Among the entries below, find the line with "X w = restrict", then quote it and each following line up to and including the line with "(\<forall>I. B \<subset>", and nothing else.
Records for processing START
(* With the setup in the context, fix $X\subseteq E\setminus B$ and for $0\le\mu\le n$ let $E_\mu=\min_{Y\subseteq E,\,|Y|=\mu}H(\mathbf{m}\mid\mathbf{t},\mathbf{M})$ and $\Delta_\mu=n-k-E_\mu$. For $0\le j\le n-|X|-k$ let $\sigma_j=\min\{|Y|: Y\subseteq E,\ \rho_X(Y)=j\}$, and set $\sigma_{n-|X|-k+1}=\infty$. Then for $0\le j\le n-|X|-k$, $\Delta_\mu=|X|+j\iff\sigma_j\le\mu<\sigma_{j+1}.$
   Context: An almost affine code over a finite alphabet $A$ of length $n$ and dimension $k$ is a subset $C\subseteq A^n$ with $|C|=|A|^k$ such that for every $X\subseteq E=\{1,\dots,n\}$, $\log_{|A|}|C_X|$ is a nonnegative integer ($C_X$ = projection onto coordinates $X$); its associated matroid $M_C$ has rank function $r(X)=\log_{|A|}|C_X|$. Setup: $C$ is an almost affine code of length $n$ and dimension $k$ over $A$ with matroid rank function $r$; $B\subseteq E$ is a basis of $M_C$; $\varphi:A\times A\to A$ is such that for every $y\in A$ both $\varphi(y,\cdot)$ and $\varphi(\cdot,y)$ are bijections. For $\mathbf{m}\in A^{E\setminus B}$, $\Phi_{\mathbf{m}}(\mathbf{w})_i=\mathbf{w}_i$ for $i\in B$ and $=\varphi(\mathbf{w}_i,\mathbf{m}_i)$ for $i\in E\setminus B$, and $C_{\mathbf{m}}=\Phi_{\mathbf{m}}(C)$. For $X\subseteq E\setminus B$, $\mathbf{M}\in A^X$, $D_{X,\mathbf{M}}=\bigcup_{\mathbf{m}_X=\mathbf{M}}C_{\mathbf{m}}$, with matroid rank function $r_D(Y)=|Y\setminus(B\cup X)|+r(Y\cap(B\cup X))$, and $\rho_X(Y)=r_D(Y)-r(Y)$ (a demi-matroid rank function of rank $n-|X|-k$). The random model: $\mathbf{m}\in A^{E\setminus B}$ uniform, then $\mathbf{w}\in C_{\mathbf{m}}$ uniform; $\mathbf{M}=\mathbf{m}_X$, $\mathbf{t}=\mathbf{w}_Y$; $H(\mathbf{m}\mid\mathbf{t},\mathbf{M})$ is the conditional entropy with logarithms to base $|A|$ (convention $0\log\frac10=0$). *)

theory Defs
  imports "HOL-Probability.Probability_Mass_Function" "HOL-Library.FuncSet" "HOL-Library.Extended_Nat"
begin

text \<open>Coordinates are E = {1..n}; words are extensional functions in PiE E (\<lambda>_. A).\<close>

definition proj :: "nat set \<Rightarrow> (nat \<Rightarrow> 'a) \<Rightarrow> (nat \<Rightarrow> 'a)" where
  "proj X w = restrict w X"

definition almost_affine :: "'a set \<Rightarrow> nat \<Rightarrow> nat \<Rightarrow> (nat \<Rightarrow> 'a) set \<Rightarrow> bool" where
  "almost_affine A n k C \<longleftrightarrow>
     C \<subseteq> PiE {1..n} (\<lambda>_. A) \<and> card C = card A ^ k \<and>
     (\<forall>X \<subseteq> {1..n}. \<exists>r::nat. log (card A) (real (card (proj X ` C))) = real r)"

definition code_rank :: "'a set \<Rightarrow> (nat \<Rightarrow> 'a) set \<Rightarrow> nat set \<Rightarrow> real" where
  "code_rank A C X = log (card A) (real (card (proj X ` C)))"

definition code_basis :: "'a set \<Rightarrow> nat \<Rightarrow> (nat \<Rightarrow> 'a) set \<Rightarrow> nat set \<Rightarrow> bool" where
  "code_basis A n C B \<longleftrightarrow>
     B \<subseteq> {1..n} \<and> code_rank A C B = real (card B) \<and>
     (\<forall>I. B \<subset> I \<and> I \<subseteq> {1..n} \<longrightarrow> code_rank A C I \<noteq> real (card I))"

definition Phi :: "('a \<Rightarrow> 'a \<Rightarrow> 'a) \<Rightarrow> nat \<Rightarrow> nat set \<Rightarrow> (nat \<Rightarrow> 'a) \<Rightarrow> (nat \<Rightarrow> 'a) \<Rightarrow> (nat \<Rightarrow> 'a)" where
  "Phi \<phi> n B m w = restrict (\<lambda>i. if i \<in> B then w i else \<phi> (w i) (m i)) {1..n}"

definition code_m :: "('a \<Rightarrow> 'a \<Rightarrow> 'a) \<Rightarrow> nat \<Rightarrow> nat set \<Rightarrow> (nat \<Rightarrow> 'a) set \<Rightarrow> (nat \<Rightarrow> 'a) \<Rightarrow> (nat \<Rightarrow> 'a) set" where
  "code_m \<phi> n B C m = Phi \<phi> n B m ` C"

definition model_pmf :: "'a set \<Rightarrow> ('a \<Rightarrow> 'a \<Rightarrow> 'a) \<Rightarrow> nat \<Rightarrow> nat set \<Rightarrow> (nat \<Rightarrow> 'a) set
    \<Rightarrow> ((nat \<Rightarrow> 'a) \<times> (nat \<Rightarrow> 'a)) pmf" where
  "model_pmf A \<phi> n B C =
     bind_pmf (pmf_of_set (PiE ({1..n} - B) (\<lambda>_. A)))
       (\<lambda>m. map_pmf (\<lambda>w. (m, w)) (pmf_of_set (code_m \<phi> n B C m)))"
(* Let $a_{n,k}$ be the number of shallow $321$-avoiding permutations in $S_n$ with exactly $k$ descents, and let $A(x,z)=\sum_{n\ge 1,k\ge0}a_{n,k}x^kz^n$. Then $$A(x,z)=\frac{z-2z^2+xz^2+z^3-xz^3}{1-3z+3z^2-2xz^2-z^3+xz^3}.$$
   Context: For $\pi\in S_n$: $D(\pi)=\sum_{i}|\pi_i-i|$, $I(\pi)$ is the number of inversions, $T(\pi)=n-\mathrm{cyc}(\pi)$ with $\mathrm{cyc}$ the number of cycles in the disjoint cycle decomposition; $\pi$ is shallow if $I(\pi)+T(\pi)=D(\pi)$. A permutation avoids a pattern $\sigma$ if it has no subsequence order-isomorphic to $\sigma$. A descent of $\pi$ is an index $i\in[n-1]$ with $\pi_i>\pi_{i+1}$. *)

theory Defs
  imports "HOL-Combinatorics.Permutations" "HOL-Computational_Algebra.Formal_Power_Series"
begin

text \<open>Permutations of [n] = {1..n} are functions \<pi> with \<pi> permutes {1..n}.\<close>

definition disp :: "nat \<Rightarrow> (nat \<Rightarrow> nat) \<Rightarrow> nat" where
  "disp n \<pi> = (\<Sum>i\<in>{1..n}. nat \<bar>int (\<pi> i) - int i\<bar>)"

definition inv_count :: "nat \<Rightarrow> (nat \<Rightarrow> nat) \<Rightarrow> nat" where
  "inv_count n \<pi> = card {(i, j). i \<in> {1..n} \<and> j \<in> {1..n} \<and> i < j \<and> \<pi> i > \<pi> j}"

definition cyc :: "nat \<Rightarrow> (nat \<Rightarrow> nat) \<Rightarrow> nat" where
  "cyc n \<pi> = card ((\<lambda>i. {(\<pi> ^^ k) i | k. True}) ` {1..n})"

definition refl_len :: "nat \<Rightarrow> (nat \<Rightarrow> nat) \<Rightarrow> nat" where
  "refl_len n \<pi> = n - cyc n \<pi>"

definition shallow :: "nat \<Rightarrow> (nat \<Rightarrow> nat) \<Rightarrow> bool" where
  "shallow n \<pi> \<longleftrightarrow> inv_count n \<pi> + refl_len n \<pi> = disp n \<pi>"

definition avoids321 :: "nat \<Rightarrow> (nat \<Rightarrow> nat) \<Rightarrow> bool" where
  "avoids321 n \<pi> \<longleftrightarrow> \<not> (\<exists>i j k. 1 \<le> i \<and> i < j \<and> j < k \<and> k \<le> n \<and> \<pi> i > \<pi> j \<and> \<pi> j > \<pi> k)"

definition descents :: "nat \<Rightarrow> (nat \<Rightarrow> nat) \<Rightarrow> nat" where
  "descents n \<pi> = card {i. 1 \<le> i \<and> i < n \<and> \<pi> i > \<pi> (Suc i)}"

definition a_cnt :: "nat \<Rightarrow> nat \<Rightarrow> nat" where
  "a_cnt n k = card {\<pi>. \<pi> permutes {1..n} \<and> shallow n \<pi> \<and> avoids321 n \<pi> \<and> descents n \<pi> = k}"

text \<open>The bivariate generating function, specialised at a real value of x, as a formal
  power series in z. (A permutation in S_n has at most n-1 descents.)\<close>
definition A_gf :: "real \<Rightarrow> real fps" where
  "A_gf x = Abs_fps (\<lambda>n. if n = 0 then 0 else (\<Sum>k<n. real (a_cnt n k) * x ^ k))"

end

(*
  Write a permutation of {1..m+1} that moves m+1 as \<sigma> \<circ> (j m+1) with \<sigma> a permutation of
  {1..m}: the value m+1 is written at position j and \<sigma> j is moved to the end. This insertion
  keeps the number of cycles, increases D by 2(m+1 - max j (\<sigma> j)) and I by 2r+1, where r
  counts the larger entries to the right of position j. Hence the defect D - I - T grows by
  2(m - max j (\<sigma> j) - r) \<ge> 0, which gives the Diaconis-Graham inequality and shows that the
  result is shallow iff \<sigma> is and r = m - max j (\<sigma> j). A 321-avoiding result has r = 0, so a
  shallow 321-avoiding permutation of {1..m+1} either fixes m+1, or arises from a shallow
  321-avoiding \<sigma> by inserting m+1 before the last entry, or by replacing the value m by m+1
  and appending m. Following descents through these three cases gives the recurrence
  W(m+3) = 3 W(m+2) + (2x - 3) W(m+1) + (1 - x) W(m) for the descent polynomials, whose
  generating function is the stated rational function.
*)

theory Submission
  imports Defs "HOL-Combinatorics.Orbits"
begin

section \<open>Inserting a new maximum\<close>

lemma permutes_atLeastAtMost_le:
  "\<pi> permutes {1..n} \<Longrightarrow> k \<in> {1..n} \<Longrightarrow> 1 \<le> \<pi> k \<and> \<pi> k \<le> n"
  using permutes_in_image by fastforce

lemma permutes_fixes_Suc:
  "\<sigma> permutes {1..m} \<Longrightarrow> \<sigma> (Suc m) = Suc m"
  by (simp add: permutes_not_in)

lemma permutes_Suc_fixed_last:
  assumes "\<pi> permutes {1..Suc m}" "\<pi> (Suc m) = Suc m"
  shows "\<pi> permutes {1..m}"
  by (rule permutes_superset[OF assms(1)]) (use assms(2) in \<open>auto simp: le_Suc_eq\<close>)

text \<open>\<open>\<sigma> \<circ> transpose j (Suc m)\<close> is \<open>\<sigma>\<close> with \<open>m+1\<close> written at position \<open>j\<close> and \<open>\<sigma> j\<close> moved to
  position \<open>m+1\<close>.\<close>
lemma permutes_Suc_insert:
  assumes "\<sigma> permutes {1..m}" "j \<in> {1..m}"
  shows "\<sigma> \<circ> transpose j (Suc m) permutes {1..Suc m}"
proof -
  have "\<sigma> permutes {1..Suc m}" using assms(1) by (rule permutes_subset) auto
  moreover have "transpose j (Suc m) permutes {1..Suc m}" using assms(2) by (intro permutes_swap_id) auto
  ultimately show ?thesis by (simp add: permutes_compose)
qed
Records for processing END
— Task response —
  "proj X w = restrict w X"

definition almost_affine :: "'a set \<Rightarrow> nat \<Rightarrow> nat \<Rightarrow> (nat \<Rightarrow> 'a) set \<Rightarrow> bool" where
  "almost_affine A n k C \<longleftrightarrow>
     C \<subseteq> PiE {1..n} (\<lambda>_. A) \<and> card C = card A ^ k \<and>
     (\<forall>X \<subseteq> {1..n}. \<exists>r::nat. log (card A) (real (card (proj X ` C))) = real r)"

definition code_rank :: "'a set \<Rightarrow> (nat \<Rightarrow> 'a) set \<Rightarrow> nat set \<Rightarrow> real" where
  "code_rank A C X = log (card A) (real (card (proj X ` C)))"

definition code_basis :: "'a set \<Rightarrow> nat \<Rightarrow> (nat \<Rightarrow> 'a) set \<Rightarrow> nat set \<Rightarrow> bool" where
  "code_basis A n C B \<longleftrightarrow>
     B \<subseteq> {1..n} \<and> code_rank A C B = real (card B) \<and>
     (\<forall>I. B \<subset> I \<and> I \<subseteq> {1..n} \<longrightarrow> code_rank A C I \<noteq> real (card I))"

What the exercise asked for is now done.